- [DATA TO USE]
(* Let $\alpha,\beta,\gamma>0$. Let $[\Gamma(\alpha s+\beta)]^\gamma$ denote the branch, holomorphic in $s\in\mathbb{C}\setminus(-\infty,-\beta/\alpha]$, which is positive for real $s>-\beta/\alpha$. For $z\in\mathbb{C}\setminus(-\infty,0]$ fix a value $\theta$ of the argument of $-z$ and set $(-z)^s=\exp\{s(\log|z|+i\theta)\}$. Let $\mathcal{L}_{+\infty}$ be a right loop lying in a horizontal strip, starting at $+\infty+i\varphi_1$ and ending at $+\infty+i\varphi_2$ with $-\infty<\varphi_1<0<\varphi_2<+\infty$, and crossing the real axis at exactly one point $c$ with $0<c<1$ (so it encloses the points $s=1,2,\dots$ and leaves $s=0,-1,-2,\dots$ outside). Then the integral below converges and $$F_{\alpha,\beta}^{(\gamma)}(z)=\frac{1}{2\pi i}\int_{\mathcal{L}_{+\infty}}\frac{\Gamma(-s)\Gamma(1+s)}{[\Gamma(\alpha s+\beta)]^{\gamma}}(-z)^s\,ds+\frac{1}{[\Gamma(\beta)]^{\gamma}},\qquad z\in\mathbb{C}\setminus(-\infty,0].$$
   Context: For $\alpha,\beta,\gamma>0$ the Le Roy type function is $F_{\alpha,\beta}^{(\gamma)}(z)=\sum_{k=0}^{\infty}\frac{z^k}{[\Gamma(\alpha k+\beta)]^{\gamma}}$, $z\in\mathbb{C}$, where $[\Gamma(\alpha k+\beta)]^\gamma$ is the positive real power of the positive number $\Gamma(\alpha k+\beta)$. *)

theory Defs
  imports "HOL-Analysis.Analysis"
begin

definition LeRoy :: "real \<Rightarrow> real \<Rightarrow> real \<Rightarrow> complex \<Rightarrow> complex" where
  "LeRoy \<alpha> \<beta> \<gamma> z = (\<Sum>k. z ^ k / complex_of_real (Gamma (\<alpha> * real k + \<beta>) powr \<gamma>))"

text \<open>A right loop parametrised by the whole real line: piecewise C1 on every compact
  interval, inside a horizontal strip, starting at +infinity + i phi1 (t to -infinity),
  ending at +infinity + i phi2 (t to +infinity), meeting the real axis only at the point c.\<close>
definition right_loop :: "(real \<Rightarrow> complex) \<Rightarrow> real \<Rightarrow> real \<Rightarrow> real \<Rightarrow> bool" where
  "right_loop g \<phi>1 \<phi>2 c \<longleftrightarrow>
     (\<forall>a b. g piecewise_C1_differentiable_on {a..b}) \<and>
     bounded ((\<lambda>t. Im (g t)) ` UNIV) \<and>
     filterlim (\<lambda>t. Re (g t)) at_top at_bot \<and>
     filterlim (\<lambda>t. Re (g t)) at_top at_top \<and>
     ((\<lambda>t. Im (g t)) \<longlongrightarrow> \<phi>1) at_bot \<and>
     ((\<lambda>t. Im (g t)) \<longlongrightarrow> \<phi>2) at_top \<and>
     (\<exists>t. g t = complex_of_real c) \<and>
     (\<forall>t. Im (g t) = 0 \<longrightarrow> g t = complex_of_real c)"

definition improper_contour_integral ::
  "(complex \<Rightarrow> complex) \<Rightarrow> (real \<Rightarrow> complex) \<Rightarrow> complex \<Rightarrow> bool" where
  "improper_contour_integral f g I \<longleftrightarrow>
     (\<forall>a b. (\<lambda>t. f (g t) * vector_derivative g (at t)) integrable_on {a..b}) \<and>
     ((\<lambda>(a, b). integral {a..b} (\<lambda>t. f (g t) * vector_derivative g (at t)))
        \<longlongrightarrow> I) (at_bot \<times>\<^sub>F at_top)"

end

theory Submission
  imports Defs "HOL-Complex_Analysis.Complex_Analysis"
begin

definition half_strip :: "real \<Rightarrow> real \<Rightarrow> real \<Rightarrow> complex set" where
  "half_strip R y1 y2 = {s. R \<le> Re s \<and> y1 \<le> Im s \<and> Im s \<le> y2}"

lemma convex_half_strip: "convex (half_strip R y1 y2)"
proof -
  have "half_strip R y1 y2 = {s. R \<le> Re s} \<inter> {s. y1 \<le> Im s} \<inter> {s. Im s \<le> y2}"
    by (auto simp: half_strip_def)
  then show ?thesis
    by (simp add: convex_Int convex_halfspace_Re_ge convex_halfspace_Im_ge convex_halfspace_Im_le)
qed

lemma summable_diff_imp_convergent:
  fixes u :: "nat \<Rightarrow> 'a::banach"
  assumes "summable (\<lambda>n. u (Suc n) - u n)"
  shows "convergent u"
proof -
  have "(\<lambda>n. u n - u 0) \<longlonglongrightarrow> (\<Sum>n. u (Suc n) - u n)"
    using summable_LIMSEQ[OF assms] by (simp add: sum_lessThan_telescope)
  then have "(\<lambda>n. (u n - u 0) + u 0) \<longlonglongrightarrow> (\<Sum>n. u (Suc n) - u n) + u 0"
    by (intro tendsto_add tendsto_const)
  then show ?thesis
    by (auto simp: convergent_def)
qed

==

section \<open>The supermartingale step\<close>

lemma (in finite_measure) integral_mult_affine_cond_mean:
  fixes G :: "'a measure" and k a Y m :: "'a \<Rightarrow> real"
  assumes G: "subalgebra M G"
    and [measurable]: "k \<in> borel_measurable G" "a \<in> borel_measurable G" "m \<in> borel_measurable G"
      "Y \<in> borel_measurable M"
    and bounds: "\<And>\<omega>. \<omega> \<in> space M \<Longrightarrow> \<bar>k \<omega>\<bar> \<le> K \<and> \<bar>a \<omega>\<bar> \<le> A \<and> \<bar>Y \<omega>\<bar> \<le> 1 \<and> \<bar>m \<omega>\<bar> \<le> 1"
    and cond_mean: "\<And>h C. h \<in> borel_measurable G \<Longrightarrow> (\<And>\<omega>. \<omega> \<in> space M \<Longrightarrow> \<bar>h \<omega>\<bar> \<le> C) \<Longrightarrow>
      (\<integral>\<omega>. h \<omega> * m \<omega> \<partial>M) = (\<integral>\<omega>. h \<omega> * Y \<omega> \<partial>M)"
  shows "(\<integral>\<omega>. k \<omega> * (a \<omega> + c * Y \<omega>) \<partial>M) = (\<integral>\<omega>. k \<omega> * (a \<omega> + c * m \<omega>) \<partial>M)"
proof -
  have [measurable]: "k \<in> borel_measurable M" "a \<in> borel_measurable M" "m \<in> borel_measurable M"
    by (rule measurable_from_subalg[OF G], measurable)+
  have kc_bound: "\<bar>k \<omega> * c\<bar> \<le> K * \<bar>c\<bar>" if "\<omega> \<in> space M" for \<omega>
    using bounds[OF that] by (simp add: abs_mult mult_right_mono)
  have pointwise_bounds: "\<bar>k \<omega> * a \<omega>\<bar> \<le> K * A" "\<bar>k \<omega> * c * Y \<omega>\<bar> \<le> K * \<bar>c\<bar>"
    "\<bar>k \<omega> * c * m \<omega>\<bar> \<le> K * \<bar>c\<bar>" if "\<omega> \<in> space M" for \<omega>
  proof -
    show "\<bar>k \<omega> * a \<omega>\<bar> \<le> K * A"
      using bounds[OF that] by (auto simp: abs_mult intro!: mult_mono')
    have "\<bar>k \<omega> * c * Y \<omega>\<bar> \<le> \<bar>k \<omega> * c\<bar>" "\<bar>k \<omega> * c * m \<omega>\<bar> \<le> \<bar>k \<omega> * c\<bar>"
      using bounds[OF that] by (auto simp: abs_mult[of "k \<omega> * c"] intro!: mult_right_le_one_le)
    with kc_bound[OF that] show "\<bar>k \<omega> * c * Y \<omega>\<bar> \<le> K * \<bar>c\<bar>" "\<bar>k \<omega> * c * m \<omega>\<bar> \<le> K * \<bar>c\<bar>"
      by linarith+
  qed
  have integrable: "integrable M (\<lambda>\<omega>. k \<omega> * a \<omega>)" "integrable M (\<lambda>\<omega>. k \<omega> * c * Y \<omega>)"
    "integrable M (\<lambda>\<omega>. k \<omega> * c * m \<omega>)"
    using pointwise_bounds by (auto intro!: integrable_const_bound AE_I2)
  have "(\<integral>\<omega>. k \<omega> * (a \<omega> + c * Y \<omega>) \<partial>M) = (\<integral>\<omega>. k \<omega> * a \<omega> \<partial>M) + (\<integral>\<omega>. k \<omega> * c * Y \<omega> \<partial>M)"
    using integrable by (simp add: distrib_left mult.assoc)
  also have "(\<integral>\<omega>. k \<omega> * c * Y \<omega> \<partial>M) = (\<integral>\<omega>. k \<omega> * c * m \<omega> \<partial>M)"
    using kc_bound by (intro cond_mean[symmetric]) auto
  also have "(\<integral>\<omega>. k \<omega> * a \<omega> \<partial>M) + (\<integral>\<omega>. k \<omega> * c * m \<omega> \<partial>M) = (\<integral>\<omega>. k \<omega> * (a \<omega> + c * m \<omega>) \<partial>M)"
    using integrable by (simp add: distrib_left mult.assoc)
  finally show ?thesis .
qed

==

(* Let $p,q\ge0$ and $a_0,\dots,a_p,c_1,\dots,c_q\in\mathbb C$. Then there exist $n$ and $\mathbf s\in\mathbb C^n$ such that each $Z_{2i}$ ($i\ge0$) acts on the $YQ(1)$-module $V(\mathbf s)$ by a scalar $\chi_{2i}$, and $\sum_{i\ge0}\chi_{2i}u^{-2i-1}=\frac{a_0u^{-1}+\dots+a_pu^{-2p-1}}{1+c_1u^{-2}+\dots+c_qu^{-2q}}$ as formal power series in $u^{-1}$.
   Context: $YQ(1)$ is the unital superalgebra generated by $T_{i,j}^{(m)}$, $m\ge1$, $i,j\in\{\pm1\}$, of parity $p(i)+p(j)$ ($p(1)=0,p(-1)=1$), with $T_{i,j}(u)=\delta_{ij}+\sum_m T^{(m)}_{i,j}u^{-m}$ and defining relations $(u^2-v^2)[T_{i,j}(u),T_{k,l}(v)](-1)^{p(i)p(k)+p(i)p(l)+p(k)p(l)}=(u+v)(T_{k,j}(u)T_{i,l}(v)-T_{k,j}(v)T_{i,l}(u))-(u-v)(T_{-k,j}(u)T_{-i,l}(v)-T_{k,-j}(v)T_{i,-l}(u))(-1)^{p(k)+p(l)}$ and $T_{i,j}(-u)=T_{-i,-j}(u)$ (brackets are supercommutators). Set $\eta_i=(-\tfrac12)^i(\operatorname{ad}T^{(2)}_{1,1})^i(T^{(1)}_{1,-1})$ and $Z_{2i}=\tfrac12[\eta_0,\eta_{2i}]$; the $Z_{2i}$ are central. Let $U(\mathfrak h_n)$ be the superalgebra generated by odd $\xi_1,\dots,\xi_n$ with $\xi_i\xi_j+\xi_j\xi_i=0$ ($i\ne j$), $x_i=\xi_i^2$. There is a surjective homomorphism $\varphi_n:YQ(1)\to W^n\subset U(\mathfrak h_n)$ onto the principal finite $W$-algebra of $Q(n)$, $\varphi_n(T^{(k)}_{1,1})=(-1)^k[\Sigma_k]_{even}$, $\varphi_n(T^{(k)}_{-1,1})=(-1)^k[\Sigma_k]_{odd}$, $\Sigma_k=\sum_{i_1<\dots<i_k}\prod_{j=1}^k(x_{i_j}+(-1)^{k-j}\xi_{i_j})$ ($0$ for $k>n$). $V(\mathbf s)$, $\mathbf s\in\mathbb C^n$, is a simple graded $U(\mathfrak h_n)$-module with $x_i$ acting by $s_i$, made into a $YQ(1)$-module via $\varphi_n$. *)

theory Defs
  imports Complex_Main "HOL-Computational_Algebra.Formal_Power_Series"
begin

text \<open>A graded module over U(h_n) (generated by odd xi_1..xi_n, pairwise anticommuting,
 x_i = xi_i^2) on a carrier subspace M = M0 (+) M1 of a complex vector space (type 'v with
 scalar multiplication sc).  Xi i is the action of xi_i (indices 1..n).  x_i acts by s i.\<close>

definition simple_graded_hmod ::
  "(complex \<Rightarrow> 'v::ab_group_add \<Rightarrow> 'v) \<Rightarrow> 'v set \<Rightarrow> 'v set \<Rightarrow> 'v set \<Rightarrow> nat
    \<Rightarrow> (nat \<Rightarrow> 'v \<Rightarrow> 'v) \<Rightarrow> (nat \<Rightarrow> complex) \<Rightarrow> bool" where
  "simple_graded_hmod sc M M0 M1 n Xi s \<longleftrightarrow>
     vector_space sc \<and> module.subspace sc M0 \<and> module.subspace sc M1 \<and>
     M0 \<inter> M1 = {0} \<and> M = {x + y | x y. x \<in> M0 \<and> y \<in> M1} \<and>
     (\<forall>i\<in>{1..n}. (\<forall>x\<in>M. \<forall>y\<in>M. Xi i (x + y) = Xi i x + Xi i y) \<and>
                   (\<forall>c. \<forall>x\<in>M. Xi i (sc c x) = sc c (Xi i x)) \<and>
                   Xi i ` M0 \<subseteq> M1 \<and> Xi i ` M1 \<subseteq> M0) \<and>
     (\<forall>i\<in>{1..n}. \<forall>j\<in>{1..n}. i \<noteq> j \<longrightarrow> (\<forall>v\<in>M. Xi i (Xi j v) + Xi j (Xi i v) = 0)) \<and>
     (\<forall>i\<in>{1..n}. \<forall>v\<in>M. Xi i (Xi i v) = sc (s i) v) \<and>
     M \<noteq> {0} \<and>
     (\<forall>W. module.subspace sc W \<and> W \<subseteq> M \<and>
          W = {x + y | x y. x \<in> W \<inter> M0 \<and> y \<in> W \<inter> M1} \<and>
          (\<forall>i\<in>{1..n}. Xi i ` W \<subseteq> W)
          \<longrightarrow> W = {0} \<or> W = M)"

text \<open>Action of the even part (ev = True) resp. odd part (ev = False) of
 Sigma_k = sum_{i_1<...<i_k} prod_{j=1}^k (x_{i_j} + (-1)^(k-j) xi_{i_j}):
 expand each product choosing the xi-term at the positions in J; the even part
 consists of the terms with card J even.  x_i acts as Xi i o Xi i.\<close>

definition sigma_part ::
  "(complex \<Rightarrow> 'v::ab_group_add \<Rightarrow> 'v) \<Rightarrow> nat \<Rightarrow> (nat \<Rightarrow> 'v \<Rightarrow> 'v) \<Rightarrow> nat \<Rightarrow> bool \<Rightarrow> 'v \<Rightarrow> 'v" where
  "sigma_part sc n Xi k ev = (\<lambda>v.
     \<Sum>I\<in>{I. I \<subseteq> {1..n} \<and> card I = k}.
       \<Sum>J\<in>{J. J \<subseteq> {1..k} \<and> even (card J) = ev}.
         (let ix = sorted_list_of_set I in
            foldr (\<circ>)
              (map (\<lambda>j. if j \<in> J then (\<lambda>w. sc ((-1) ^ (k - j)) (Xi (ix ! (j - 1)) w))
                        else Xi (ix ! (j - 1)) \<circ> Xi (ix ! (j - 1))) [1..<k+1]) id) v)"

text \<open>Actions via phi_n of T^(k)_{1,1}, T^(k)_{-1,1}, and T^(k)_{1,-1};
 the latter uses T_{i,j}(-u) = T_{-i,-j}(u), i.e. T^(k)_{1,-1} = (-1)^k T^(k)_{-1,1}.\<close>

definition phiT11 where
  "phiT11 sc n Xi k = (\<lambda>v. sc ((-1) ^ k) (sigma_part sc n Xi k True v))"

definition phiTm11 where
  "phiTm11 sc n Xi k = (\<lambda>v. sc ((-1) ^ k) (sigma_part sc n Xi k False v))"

- [THE PROBLEM] Send back an exact copy of only the lines from the line with "definition phiT11 where" up to and including the line with "n Xi k False" in the data above.

- [EXERCISE RESPONSE]
definition phiT11 where
  "phiT11 sc n Xi k = (\<lambda>v. sc ((-1) ^ k) (sigma_part sc n Xi k True v))"

definition phiTm11 where
  "phiTm11 sc n Xi k = (\<lambda>v. sc ((-1) ^ k) (sigma_part sc n Xi k False v))"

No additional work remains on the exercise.